* _Work instruction_
Note each line in the data below that holds "longleftrightarrow", and copy it.

[Collected data]
══════════════════════════════

(* Let $R$ be a commutative ring, $m\ge 1$, $A=(a_{ij})\in R^{m\times m}$, $b\in R^m$ and $x=(x_1,\dots,x_m)$. Let $L\in R^{(m+1)\times(m+1)}$ be the matrix with $L_{ij}=a_{ij}$ for $i,j\le m$, $L_{i,m+1}=b_i$ for $i\le m$, $L_{m+1,j}=-\sum_{k=1}^m a_{kj}$ for $j\le m$, and $L_{m+1,m+1}=-\sum_{k=1}^m b_k$. Let $\mathcal{G}$ be a labeled multidigraph (without self-loops, node set $\{1,\dots,m+1\}$) with Laplacian $L$. Then $\det(A)=(-1)^m\Upsilon_\mathcal{G}(m+1)$. Further, if $\det(A)\neq 0$, then the solution to the linear system $Ax+b=0$ is \[x_i=\frac{\Upsilon_\mathcal{G}(i)}{\Upsilon_\mathcal{G}(m+1)}\in\widehat{R},\qquad i=1,\dots,m,\] where $\widehat{R}\supseteq R$ is an extension ring of $R$ in which these quotients are defined.
   Context: A multidigraph $\mathcal{G}=(\mathcal{N},\mathcal{E})$ consists of finite sets of nodes $\mathcal{N}$ and edges $\mathcal{E}$ with source and target maps $s,t\colon\mathcal{E}\to\mathcal{N}$ (parallel edges allowed); here there are no self-loops and $\mathcal{N}=\{1,\dots,m+1\}$. A labeling is a map $\pi\colon\mathcal{E}\to R$, extended to subsets by $\pi(\mathcal{E}')=\prod_{e\in\mathcal{E}'}\pi(e)$. A tree is a subgraph whose underlying undirected graph is connected and acyclic; it is rooted at a node $N$ if $N$ is its only node without outgoing edges. A spanning tree has node set $\mathcal{N}$ and is identified with its edge set. For $j\in\mathcal{N}$, $\Theta_\mathcal{G}(j)$ is the set of spanning trees of $\mathcal{G}$ rooted at $j$ and $\Upsilon_\mathcal{G}(j)=\sum_{\tau\in\Theta_\mathcal{G}(j)}\pi(\tau)$ (zero if the set is empty). The Laplacian of $\mathcal{G}$ is the $(m+1)\times(m+1)$ matrix with $L_{ij}=\sum_{e:\,s(e)=j,\,t(e)=i}\pi(e)$ for $i\ne j$ and $L_{ii}=-\sum_{k\ne i}L_{ki}$. *)

theory Defs
  imports "Jordan_Normal_Form.Determinant"
begin

(* A labeled multidigraph: node set N, edge set E (of an arbitrary type 'e),
   source/target maps s t, labeling lbl. *)

definition multidigraph_wf :: "nat set \<Rightarrow> 'e set \<Rightarrow> ('e \<Rightarrow> nat) \<Rightarrow> ('e \<Rightarrow> nat) \<Rightarrow> bool" where
  "multidigraph_wf N E s t \<longleftrightarrow> finite N \<and> finite E \<and> (\<forall>e\<in>E. s e \<in> N \<and> t e \<in> N)"

definition no_self_loops :: "'e set \<Rightarrow> ('e \<Rightarrow> nat) \<Rightarrow> ('e \<Rightarrow> nat) \<Rightarrow> bool" where
  "no_self_loops E s t \<longleftrightarrow> (\<forall>e\<in>E. s e \<noteq> t e)"

definition joins :: "('e \<Rightarrow> nat) \<Rightarrow> ('e \<Rightarrow> nat) \<Rightarrow> 'e \<Rightarrow> nat \<Rightarrow> nat \<Rightarrow> bool" where
  "joins s t e u v \<longleftrightarrow> (s e = u \<and> t e = v) \<or> (s e = v \<and> t e = u)"

definition und_connected :: "nat set \<Rightarrow> 'e set \<Rightarrow> ('e \<Rightarrow> nat) \<Rightarrow> ('e \<Rightarrow> nat) \<Rightarrow> bool" where
  "und_connected V T s t \<longleftrightarrow>
     (\<forall>u\<in>V. \<forall>v\<in>V. (u, v) \<in> {(x, y). \<exists>e\<in>T. joins s t e x y}\<^sup>*)"

definition und_has_cycle :: "'e set \<Rightarrow> ('e \<Rightarrow> nat) \<Rightarrow> ('e \<Rightarrow> nat) \<Rightarrow> bool" where
  "und_has_cycle T s t \<longleftrightarrow>
     (\<exists>es vs. length es \<ge> 1 \<and> length vs = length es + 1 \<and> distinct es \<and> set es \<subseteq> T \<and>
        vs ! 0 = vs ! length es \<and> distinct (butlast vs) \<and>
        (\<forall>i < length es. joins s t (es ! i) (vs ! i) (vs ! (i + 1))))"

definition is_tree :: "nat set \<Rightarrow> 'e set \<Rightarrow> ('e \<Rightarrow> nat) \<Rightarrow> ('e \<Rightarrow> nat) \<Rightarrow> bool" where
  "is_tree V T s t \<longleftrightarrow> (\<forall>e\<in>T. s e \<in> V \<and> t e \<in> V) \<and>
     und_connected V T s t \<and> \<not> und_has_cycle T s t"

definition rooted_at :: "nat set \<Rightarrow> 'e set \<Rightarrow> ('e \<Rightarrow> nat) \<Rightarrow> nat \<Rightarrow> bool" where
  "rooted_at V T s j \<longleftrightarrow> j \<in> V \<and> (\<forall>e\<in>T. s e \<noteq> j) \<and> (\<forall>v\<in>V - {j}. \<exists>e\<in>T. s e = v)"

definition spanning_trees_rooted :: "nat set \<Rightarrow> 'e set \<Rightarrow> ('e \<Rightarrow> nat) \<Rightarrow> ('e \<Rightarrow> nat) \<Rightarrow> nat \<Rightarrow> 'e set set" where
  "spanning_trees_rooted N E s t j = {T. T \<subseteq> E \<and> is_tree N T s t \<and> rooted_at N T s j}"

definition Upsilon :: "nat set \<Rightarrow> 'e set \<Rightarrow> ('e \<Rightarrow> nat) \<Rightarrow> ('e \<Rightarrow> nat) \<Rightarrow> ('e \<Rightarrow> 'a::comm_ring_1) \<Rightarrow> nat \<Rightarrow> 'a" where
  "Upsilon N E s t lbl j = (\<Sum>T\<in>spanning_trees_rooted N E s t j. \<Prod>e\<in>T. lbl e)"

definition lap_offdiag :: "'e set \<Rightarrow> ('e \<Rightarrow> nat) \<Rightarrow> ('e \<Rightarrow> nat) \<Rightarrow> ('e \<Rightarrow> 'a::comm_ring_1) \<Rightarrow> nat \<Rightarrow> nat \<Rightarrow> 'a" where
  "lap_offdiag E s t lbl i j = (\<Sum>e\<in>{e\<in>E. s e = j \<and> t e = i}. lbl e)"

definition laplacian :: "nat set \<Rightarrow> 'e set \<Rightarrow> ('e \<Rightarrow> nat) \<Rightarrow> ('e \<Rightarrow> nat) \<Rightarrow> ('e \<Rightarrow> 'a::comm_ring_1) \<Rightarrow> nat \<Rightarrow> nat \<Rightarrow> 'a" where
  "laplacian N E s t lbl i j =
     (if i \<noteq> j then lap_offdiag E s t lbl i j
      else - (\<Sum>k\<in>N - {i}. lap_offdiag E s t lbl k i))"

(* The (m+1)x(m+1) matrix L built from A and b, with 1-based indices i j \<in> {1..m+1};
   A and b are 0-based Jordan_Normal_Form objects, so L_ij = A $$ (i-1, j-1). *)
definition Lmat :: "nat \<Rightarrow> 'a::comm_ring_1 mat \<Rightarrow> 'a vec \<Rightarrow> nat \<Rightarrow> nat \<Rightarrow> 'a" where
  "Lmat m A b i j =
     (if i \<le> m \<and> j \<le> m then A $$ (i - 1, j - 1)
      else if i \<le> m \<and> j = m + 1 then b $ (i - 1)
      else if i = m + 1 \<and> j \<le> m then - (\<Sum>k\<in>{1..m}. A $$ (k - 1, j - 1))
      else - (\<Sum>k\<in>{1..m}. b $ (k - 1)))"

definition is_ring_hom :: "('a::comm_ring_1 \<Rightarrow> 'b::comm_ring_1) \<Rightarrow> bool" where
  "is_ring_hom f \<longleftrightarrow> f 0 = 0 \<and> f 1 = 1 \<and> (\<forall>x y. f (x + y) = f x + f y) \<and> (\<forall>x y. f (x * y) = f x * f y)"

end

(* Let K = -L, indexed from 0. Replace the root column r of K by the unit vector e_r and expand
   the determinant column by column: every term chooses one out-edge at each non-root node, i.e.
   a successor function, and its determinant is that of I minus the adjacency matrix of this
   functional graph. It is 1 if every node reaches the root, which is exactly the case when the
   chosen edges form a spanning tree rooted there, and 0 otherwise, because the indicator of the
   nodes never reaching the root is a left null vector. Hence Upsilon(r) is the diagonal cofactor
   of K at r. The columns of K sum to zero, so all cofactors in a column agree and K adj K = 0
   says that the vector of the Upsilons lies in the kernel of L. For the block matrix L of the
   statement, the cofactor at m+1 is (-1)^m det A and the kernel relation reads
   A (Upsilon(1), ..., Upsilon(m)) + Upsilon(m+1) b = 0, which gives the solution formula. *)

theory Submission
  imports Defs
begin

lemma det_mult_eq_0_if_mult_vec_eq_0:
  fixes A :: "'a::comm_ring_1 mat"
  assumes A: "A \<in> carrier_mat n n" and v: "v \<in> carrier_vec n"
    and Av: "A *\<^sub>v v = 0\<^sub>v n" and i: "i < n"
  shows "det A * v $ i = 0"
proof -
  have "(det A \<cdot>\<^sub>m 1\<^sub>m n) *\<^sub>v v = adj_mat A *\<^sub>v (A *\<^sub>v v)"
    using adj_mat[OF A] A v by (metis assoc_mult_mat_vec)
  also have "\<dots> = 0\<^sub>v n"
    unfolding Av using adj_mat(1)[OF A] by (auto intro!: eq_vecI simp: scalar_prod_def)
  finally have "((det A \<cdot>\<^sub>m 1\<^sub>m n) *\<^sub>v v) $ i = 0" using i by simp
  then show ?thesis using i v by simp
qed

lemma det_eq_0_if_col_sums_eq_0:
  fixes A :: "'a::comm_ring_1 mat"
  assumes A: "A \<in> carrier_mat n n" and n: "0 < n"
    and col_sums: "\<And>j. j < n \<Longrightarrow> (\<Sum>i<n. A $$ (i, j)) = 0"
  shows "det A = 0"
proof -
  define one where "one = vec n (\<lambda>_. 1 :: 'a)"
  have "A\<^sup>T *\<^sub>v one = 0\<^sub>v n"
    using A col_sums by (auto intro!: eq_vecI simp: one_def scalar_prod_def atLeast0LessThan)
  then have "det A\<^sup>T * one $ 0 = 0"
    using A n by (intro det_mult_eq_0_if_mult_vec_eq_0[of _ n]) (auto simp: one_def)
  then show ?thesis using A n by (simp add: one_def det_transpose)
qed

lemma det_mat_sum_cols:
  fixes w :: "'o \<Rightarrow> 'a::comm_ring_1" and c :: "nat \<Rightarrow> nat \<Rightarrow> 'o \<Rightarrow> 'a"
  assumes fin: "\<And>j. j < n \<Longrightarrow> finite (Opt j)"
  shows "det (mat n n (\<lambda>(i, j). \<Sum>x\<in>Opt j. w x * c i j x)) =
    (\<Sum>F\<in>Pi\<^sub>E {0..<n} Opt. (\<Prod>j<n. w (F j)) * det (mat n n (\<lambda>(i, j). c i j (F j))))"
proof -
  let ?P = "{p. p permutes {0..<n}}"
  have det_cols: "det (mat n n (\<lambda>(i, j). f i j)) = (\<Sum>p\<in>?P. signof p * (\<Prod>j<n. f (p j) j))"
    for f :: "nat \<Rightarrow> nat \<Rightarrow> 'a"
  proof -
    have "p j < n" if "p permutes {0..<n}" "j < n" for p j
      using that permutes_in_image[of p "{0..<n}" j] by auto
    then show ?thesis
      by (subst det_transpose[symmetric, of _ n], simp, subst det_def'[of _ n])
        (auto simp: atLeast0LessThan intro!: sum.cong prod.cong)
  qed
  have "det (mat n n (\<lambda>(i, j). \<Sum>x\<in>Opt j. w x * c i j x)) =
      (\<Sum>p\<in>?P. \<Sum>F\<in>Pi\<^sub>E {0..<n} Opt. signof p * ((\<Prod>j<n. w (F j)) * (\<Prod>j<n. c (p j) j (F j))))"
    unfolding det_cols
    by (subst atLeast0LessThan[symmetric], subst prod_sum_PiE)
      (auto simp: fin sum_distrib_left prod.distrib atLeast0LessThan)
  also have "\<dots> = (\<Sum>F\<in>Pi\<^sub>E {0..<n} Opt. (\<Prod>j<n. w (F j)) * (\<Sum>p\<in>?P. signof p * (\<Prod>j<n. c (p j) j (F j))))"
    by (subst sum.swap) (auto simp: sum_distrib_left ac_simps intro!: sum.cong)
  finally show ?thesis unfolding det_cols .
qed

lemma det_replace_col:
  fixes K :: "'a::comm_ring_1 mat"
  assumes K: "K \<in> carrier_mat n n" and j: "j < n"
  shows "det (mat n n (\<lambda>(i, k). if k = j then v i else K $$ (i, k))) = (\<Sum>i<n. v i * cofactor K i j)"
proof -
  let ?R = "mat n n (\<lambda>(i, k). if k = j then v i else K $$ (i, k))"
  have "mat_delete ?R i j = mat_delete K i j" if "i < n" for i
    by (rule eq_matI) (use K j that in \<open>auto simp: mat_delete_def\<close>)
  then show ?thesis
    using laplace_expansion_column[of ?R n j] j by (auto simp: cofactor_def intro!: sum.cong)
qed

lemma cofactor_eq_diag_if_col_sums_eq_0:
  fixes K :: "'a::comm_ring_1 mat"
  assumes K: "K \<in> carrier_mat n n" and col_sums: "\<And>j. j < n \<Longrightarrow> (\<Sum>i<n. K $$ (i, j)) = 0"
    and i: "i < n" and j: "j < n"
  shows "cofactor K i j = cofactor K j j"
proof -
  define e where "e = (\<lambda>k l :: nat. if k = l then 1 else 0 :: 'a)"
  let ?Q = "mat n n (\<lambda>(k, l). if l = j then e k i - e k j else K $$ (k, l))"
  have "det ?Q = (\<Sum>k<n. (e k i - e k j) * cofactor K k j)"
    by (rule det_replace_col[OF K j])
  also have "\<dots> = (\<Sum>k<n. e k i * cofactor K k j) - (\<Sum>k<n. e k j * cofactor K k j)"
    by (simp add: left_diff_distrib sum_subtractf)
  also have "\<dots> = cofactor K i j - cofactor K j j"
    using i j by (simp add: e_def if_distrib[of "\<lambda>x. x * _"] sum.delta' cong: if_cong)
  finally have "det ?Q = cofactor K i j - cofactor K j j" .
  \<comment> \<open>Replacing column j by a difference of two unit vectors keeps all column sums zero.\<close>
  moreover have "det ?Q = 0"
  proof (rule det_eq_0_if_col_sums_eq_0[of _ n])
    fix l assume l: "l < n"
    show "(\<Sum>k<n. ?Q $$ (k, l)) = 0"
    proof (cases "l = j")
      case True
      then show ?thesis using i j l by (simp add: e_def sum_subtractf sum.delta')
    qed (use col_sums l in simp)
  qed (use i in auto)
  ultimately show ?thesis by simp
qed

══════════════════════════════

* _Solution to this problem_
  "multidigraph_wf N E s t \<longleftrightarrow> finite N \<and> finite E \<and> (\<forall>e\<in>E. s e \<in> N \<and> t e \<in> N)"
  "no_self_loops E s t \<longleftrightarrow> (\<forall>e\<in>E. s e \<noteq> t e)"
  "joins s t e u v \<longleftrightarrow> (s e = u \<and> t e = v) \<or> (s e = v \<and> t e = u)"
  "und_connected V T s t \<longleftrightarrow>
  "und_has_cycle T s t \<longleftrightarrow>
  "is_tree V T s t \<longleftrightarrow> (\<forall>e\<in>T. s e \<in> V \<and> t e \<in> V) \<and>
  "rooted_at V T s j \<longleftrightarrow> j \<in> V \<and> (\<forall>e\<in>T. s e \<noteq> j) \<and> (\<forall>v\<in>V - {j}. \<exists>e\<in>T. s e = v)"
  "is_ring_hom f \<longleftrightarrow> f 0 = 0 \<and> f 1 = 1 \<and> (\<forall>x y. f (x + y) = f x + f y) \<and> (\<forall>x y. f (x * y) = f x * f y)"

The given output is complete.